Breastfeeding tips can come from unexpected inspiration.  In the early 1990s, the band Sublime sang of 40 ounces to freedom – that walk to the corner liquor store to grab a bottle and chill with your friends. Well, a bottle likely conjures very different images for you now, and if you are managing to take a walk, it is probably not to the liquor store. But fear not – ounces can still equal freedom. Forty is probably a bit ambitious, but four ounces can make your day. Four ounces, that is, of pumped breastmilk.

 

While pumping can be one of the least enjoyable parts of the day, the result of a good pump is undeniable.  A nutritious bottle of just-pumped or refrigerated milk can provide you with some much needed time off.  While your baby savors those four ounces, delivered in a well cleaned bottle by a doting father, grandparent, family or friend, you get some freedom. Taking a break for a single feed, or maybe a full few hours, is an important breastfeeding tip that you are unlikely to hear from a lactation consultant or well-meaning friends. For some, enjoying this freedom may be accompanied by guilt and questions about whether pumped breastmilk is as nutritious and nurturing as nursing. For others, it may be empowering to make a decision to give yourself a break or give your partner the opportunity of providing food.  In those early days of first-time motherhood, breastfeeding can be disorienting.  While it is the most natural thing in the world, it is a learned skill.  The learning process can be a difficult, painful and unrelentingly frustrating dance of pillows, tiny mouths, latching techniques, nipple shields and sometimes conflicting advice.  Getting into a comfortable rhythm can take weeks or months, and giving yourself some time off can be the difference between an exhausting, frustrating day and one that is slightly less so.  

 

My 4 ounces of freedom started early. At 4 weeks old, a lactation consultant helped us  determine that our son was not getting enough from nursing.  He was healthy and putting on weight but an inefficient and slow eater, leading to continuous feedings and an unsustainable schedule for both of us. The best option was to supplement a pumped bottle at every nursing feed. At first, the supplements were a miniscule 1.5 ounces (40 Ml), matching his miniscule, delicate 8-pound body. But his needs quickly grew, and I started spending a lot of time pumping.

 

Feeding became the single biggest activity every  24 hours. Each feed took about an hour and a half of nursing, pumping, and giving him a supplemental pumped bottle. As many moms know, spending so much time feeding can create tunnel vision around milk production and ways to increase supply.  If I got 4 ounces in a pump, I knew I had enough for the next feed and could stay a feed ahead. If I got less than that, I ran the risk of getting behind with no clear plan of  what to do next.  So 4 ounces was my benchmark and, for a while, became a proxy for feeling like I was an adequate mom.

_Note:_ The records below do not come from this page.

(* Run the Algorithm with an arbitrary admissible weight sequence. Let $\epsilon\in(0,1)$ and let $\mathcal T_1\ge 0$ be an integer such that (on the realization considered) $(1-\epsilon)\lambda_{\min} I\preceq\tilde H_t\preceq(1+\epsilon)\lambda_{\max} I$ for all $t\ge\mathcal T_1$ (e.g. on the event $\mathcal E$ of the positive-definiteness lemma under uniform averaging). Set $$\phi=\frac{4\rho\beta(1-\beta)(1-\epsilon)}{\kappa^2(1+\epsilon)}.$$ Then $f(x_{t+1})-f(x^\star)\le (1-\phi)\bigl(f(x_t)-f(x^\star)\bigr)$ for all $t\ge\mathcal T_1$, and consequently, for all $t\ge \mathcal T_1$, $$\|x_t-x^\star\|\le\Bigl\{\tfrac{2}{\lambda_{\min}}\bigl(f(x_0)-f(x^\star)\bigr)(1-\phi)^{t-\mathcal T_1}\Bigr\}^{1/2},\qquad \|x_t-x^\star\|_{H^\star}\le\Bigl\{2\kappa\bigl(f(x_0)-f(x^\star)\bigr)(1-\phi)^{t-\mathcal T_1}\Bigr\}^{1/2}.$$
   Context: Setting. $f:\mathbb{R}^d\to\mathbb{R}$ is twice continuously differentiable with Hessian $H(x)=\nabla^2 f(x)$ satisfying $\lambda_{\min} I\preceq H(x)\preceq \lambda_{\max} I$ for all $x\in\mathbb{R}^d$, where $0<\lambda_{\min}\le\lambda_{\max}$; $\kappa=\lambda_{\max}/\lambda_{\min}$; $x^\star$ is the unique minimizer of $f$ and $H^\star=H(x^\star)$. $\|\cdot\|$ is the Euclidean norm for vectors and the spectral norm for matrices; $\|v\|_A=\sqrt{v^\top A v}$ for $A\succeq 0$. Stochastic Hessian oracle: queried at $x$, it returns $\hat H(x)=H(x)+E(x)$, where $E(x)$ is a random symmetric $d\times d$ matrix. Algorithm (stochastic Newton with Hessian averaging). Inputs: deterministic $x_0\in\mathbb{R}^d$, a nondecreasing nonnegative weight sequence $(w_t)_{t\ge -1}$ with $w_{-1}=0$ and $w_t>0$ for $t\ge 0$, constants $\beta\in(0,1/2)$, $\rho\in(0,1)$, and $\tilde H_{-1}=0$. For $t=0,1,2,\dots$: (1) query the oracle at $x_t$ to obtain $\hat H_t=H_t+E_t$, $H_t=H(x_t)$, where conditionally on all randomness generated before iteration $t$, $E_t$ has the law of $E(x_t)$; (2) set $\tilde H_t=\frac{w_{t-1}}{w_t}\tilde H_{t-1}+\bigl(1-\frac{w_{t-1}}{w_t}\bigr)\hat H_t$; (3) if the system $\tilde H_t p=-\nabla f(x_t)$ has no solution, or its solution $p_t$ satisfies $\nabla f(x_t)^\top p_t\ge 0$, set $x_{t+1}=x_t$; (4) otherwise let $\mu_t=\rho^{j_t}$ where $j_t$ is the smallest nonnegative integer with $f(x_t+\mu_t p_t)\le f(x_t)+\mu_t\beta\nabla f(x_t)^\top p_t$, and set $x_{t+1}=x_t+\mu_t p_t$. *)

theory Defs
  imports "HOL-Analysis.Analysis"
begin

definition loewner_le :: "real^'n^'n \<Rightarrow> real^'n^'n \<Rightarrow> bool" where
  "loewner_le A B \<longleftrightarrow> (\<forall>v. v \<bullet> (A *v v) \<le> v \<bullet> (B *v v))"

definition wnorm :: "real^'n^'n \<Rightarrow> real^'n \<Rightarrow> real" where
  "wnorm A v = sqrt (v \<bullet> (A *v v))"

text \<open>Averaged Hessian: Htil_{-1} = 0, w_{-1} = 0, so Htil_0 = Hhat_0.\<close>
fun Htil_seq :: "(int \<Rightarrow> real) \<Rightarrow> (nat \<Rightarrow> real^'n^'n) \<Rightarrow> nat \<Rightarrow> real^'n^'n" where
  "Htil_seq w Hh 0 = (w (-1) / w 0) *\<^sub>R 0 + (1 - w (-1) / w 0) *\<^sub>R Hh 0"
| "Htil_seq w Hh (Suc t) = (w (int t) / w (int (Suc t))) *\<^sub>R Htil_seq w Hh t
      + (1 - w (int t) / w (int (Suc t))) *\<^sub>R Hh (Suc t)"

text \<open>One step (3)/(4) of the algorithm, given the current Hessian estimate Ht,
  current iterate xt, chosen solution p of Ht p = -grad f(xt) (if any) and next iterate xn.\<close>
definition alg_step ::
  "(real^'n \<Rightarrow> real) \<Rightarrow> (real^'n \<Rightarrow> real^'n) \<Rightarrow> real \<Rightarrow> real \<Rightarrow>
   real^'n^'n \<Rightarrow> real^'n \<Rightarrow> real^'n \<Rightarrow> real^'n \<Rightarrow> bool" where
  "alg_step f g \<beta> \<rho> Ht xt p xn \<longleftrightarrow>
     ((\<nexists>q. Ht *v q = - g xt) \<and> xn = xt)
   \<or> (Ht *v p = - g xt \<and> g xt \<bullet> p \<ge> 0 \<and> xn = xt)
   \<or> (Ht *v p = - g xt \<and> g xt \<bullet> p < 0 \<and>
       xn = xt + (\<rho> ^ (LEAST j. f (xt + \<rho> ^ j *\<^sub>R p) \<le> f xt + \<rho> ^ j * \<beta> * (g xt \<bullet> p))) *\<^sub>R p)"

end

theory Submission
  imports Defs
begin

text \<open>
  Let \<open>M\<close> be the averaged Hessian, \<open>M p = - \<nabla>f(x)\<close> the Newton direction and
  \<open>D = p\<^sup>T M p\<close>. The upper Hessian bound gives the quadratic model
  \<open>f(x + \<nu> p) \<le> f(x) - \<nu> D + \<nu>\<^sup>2 lmax |p|\<^sup>2 / 2\<close>, and \<open>|p|\<^sup>2 \<le> D / ((1 - \<epsilon>) lmin)\<close>.
  Hence backtracking either accepts the unit step or stops at a step of length at least
  \<open>2 \<rho> (1 - \<beta>) (1 - \<epsilon>) lmin / lmax\<close>; either way \<open>f\<close> drops by at least
  \<open>2 \<rho> \<beta> (1 - \<beta>) (1 - \<epsilon>) D / \<kappa>\<close>. The Hessian is symmetric (Schwarz), hence so is \<open>M\<close>,
  and \<open>M \<preceq> (1 + \<epsilon>) lmax I\<close> yields \<open>|\<nabla>f(x)|\<^sup>2 = |M p|\<^sup>2 \<le> (1 + \<epsilon>) lmax D\<close>. The
  Polyak--Lojasiewicz inequality \<open>f(x) - f\<^sup>\<star> \<le> |\<nabla>f(x)|\<^sup>2 / (2 lmin)\<close> turns this drop into
  the factor \<open>1 - \<phi>\<close>. Every step is monotone, so iterating from \<open>T1\<close> bounds
  \<open>f(x\<^sub>t) - f\<^sup>\<star>\<close>, and strong convexity converts that into the two distance bounds.
\<close>

section \<open>Quadratic forms\<close>

lemma loewner_le_scaled_identity_left:
  "loewner_le (c *\<^sub>R mat 1) M \<Longrightarrow> c * (v \<bullet> v) \<le> v \<bullet> (M *v v)"
  unfolding loewner_le_def
  by (metis inner_scaleR_right matrix_vector_mul_lid scaleR_matrix_vector_assoc)

lemma loewner_le_scaled_identity_right:
  "loewner_le M (c *\<^sub>R mat 1) \<Longrightarrow> v \<bullet> (M *v v) \<le> c * (v \<bullet> v)"
  unfolding loewner_le_def
  by (metis inner_scaleR_right matrix_vector_mul_lid scaleR_matrix_vector_assoc)

lemma loewner_le_scaled_identity_bounds_le:
  fixes M :: "real^'n^'n"
  assumes "loewner_le (a *\<^sub>R mat 1) M" and "loewner_le M (b *\<^sub>R mat 1)"
  shows "a \<le> b"
proof -
  obtain v :: "real^'n" where "v \<noteq> 0" using zero_neq_one by blast
  have "a * (v \<bullet> v) \<le> b * (v \<bullet> v)"
    using loewner_le_scaled_identity_left[OF assms(1)] loewner_le_scaled_identity_right[OF assms(2)]
    by (rule order_trans)
  then show ?thesis using \<open>v \<noteq> 0\<close> by simp
qed

lemma transpose_add: "transpose (A + B) = transpose A + transpose (B :: 'a::semiring_1^'n^'m)"
  by (simp add: transpose_def vec_eq_iff)

lemma transpose_Htil_seq:
  assumes "\<And>s. transpose (Hh s) = (Hh s :: real^'n^'n)"
  shows "transpose (Htil_seq w Hh t) = Htil_seq w Hh t"
  by (induction t) (simp_all add: assms transpose_add transpose_scalar)

lemma inner_axis_matrix_vector_axis: "axis i (1::real) \<bullet> (M *v axis j 1) = (M::real^'n^'m) $ i $ j"
  by (simp add: matrix_vector_mult_basis inner_axis' column_def)

lemma symmetric_matrix_inner_commute:
  fixes M :: "real^'n^'n"
  assumes "transpose M = M"
  shows "a \<bullet> (M *v b) = b \<bullet> (M *v a)"
proof -
  have "a \<bullet> (M *v b) = (a v* M) \<bullet> b" by (simp add: dot_lmul_matrix)
  also have "a v* M = M *v a" using transpose_matrix_vector[of M a] assms by simp
  finally show ?thesis by (simp add: inner_commute)
qed

lemma quadratic_form_add_scaleR:
  fixes M :: "real^'n^'n"
  assumes "transpose M = M"
  shows "(a + t *\<^sub>R b) \<bullet> (M *v (a + t *\<^sub>R b))
     = a \<bullet> (M *v a) + 2 * t * (a \<bullet> (M *v b)) + t\<^sup>2 * (b \<bullet> (M *v b))"
  using symmetric_matrix_inner_commute[OF assms, of b a]
  by (simp add: matrix_vector_right_distrib matrix_scaleR_vector_ac inner_add_left inner_add_right
      scaleR_matrix_vector_assoc[symmetric] algebra_simps power2_eq_square)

Four ounces meant I could provide for my son.

 

This mathematical target was a vague goal at first, then became one of the few certainties in the otherwise messy journey of early motherhood. But as he grew, so did his appetite.  Supplementing four ounces gradually increased to five then six ounces.  Bottle feeding and pumping started to take longer to provide and produce this much milk. With only so many hours in the day, our patterns evolved before I truly realized the choices I was making. He was down to nursing just once in the early morning and once in the afternoon. Then just the early morning.

 

Reduced nursing had knock-on effects to my production. No longer did 4 ounces equal freedom; I needed about 6 to keep pace and stay ahead of his next feed. I could not deliver this much with consistency, and he was hungry. The number one rule of new parenthood is feed your baby. It is the cornerstone of them growing, thriving, being happy, and sleeping well. I had two options: pump more or supplement formula.

 

Formula will be the subject of another article, but for me, the choice was clear. I was already pumping 3 times a day and struggling to find time just for that. I was enjoying starting to spend time with friends and family again and did not want to interrupt those precious hours out of the house with pumping in a car or public bathroom. I also just simply did not want to pump more.  

 

So for me, my freedom was shifting from a focus on 4 ounces of pumped breastmilk to accepting and being grateful for as much as I could continue to produce. And being equally accepting and grateful for access to safe, nutritious, organic formula to continue to provide for my growing little boy. He’s happy, he’s thriving, I’m sane. and have found my balance of freedom. It’s what I got, and it is sublime.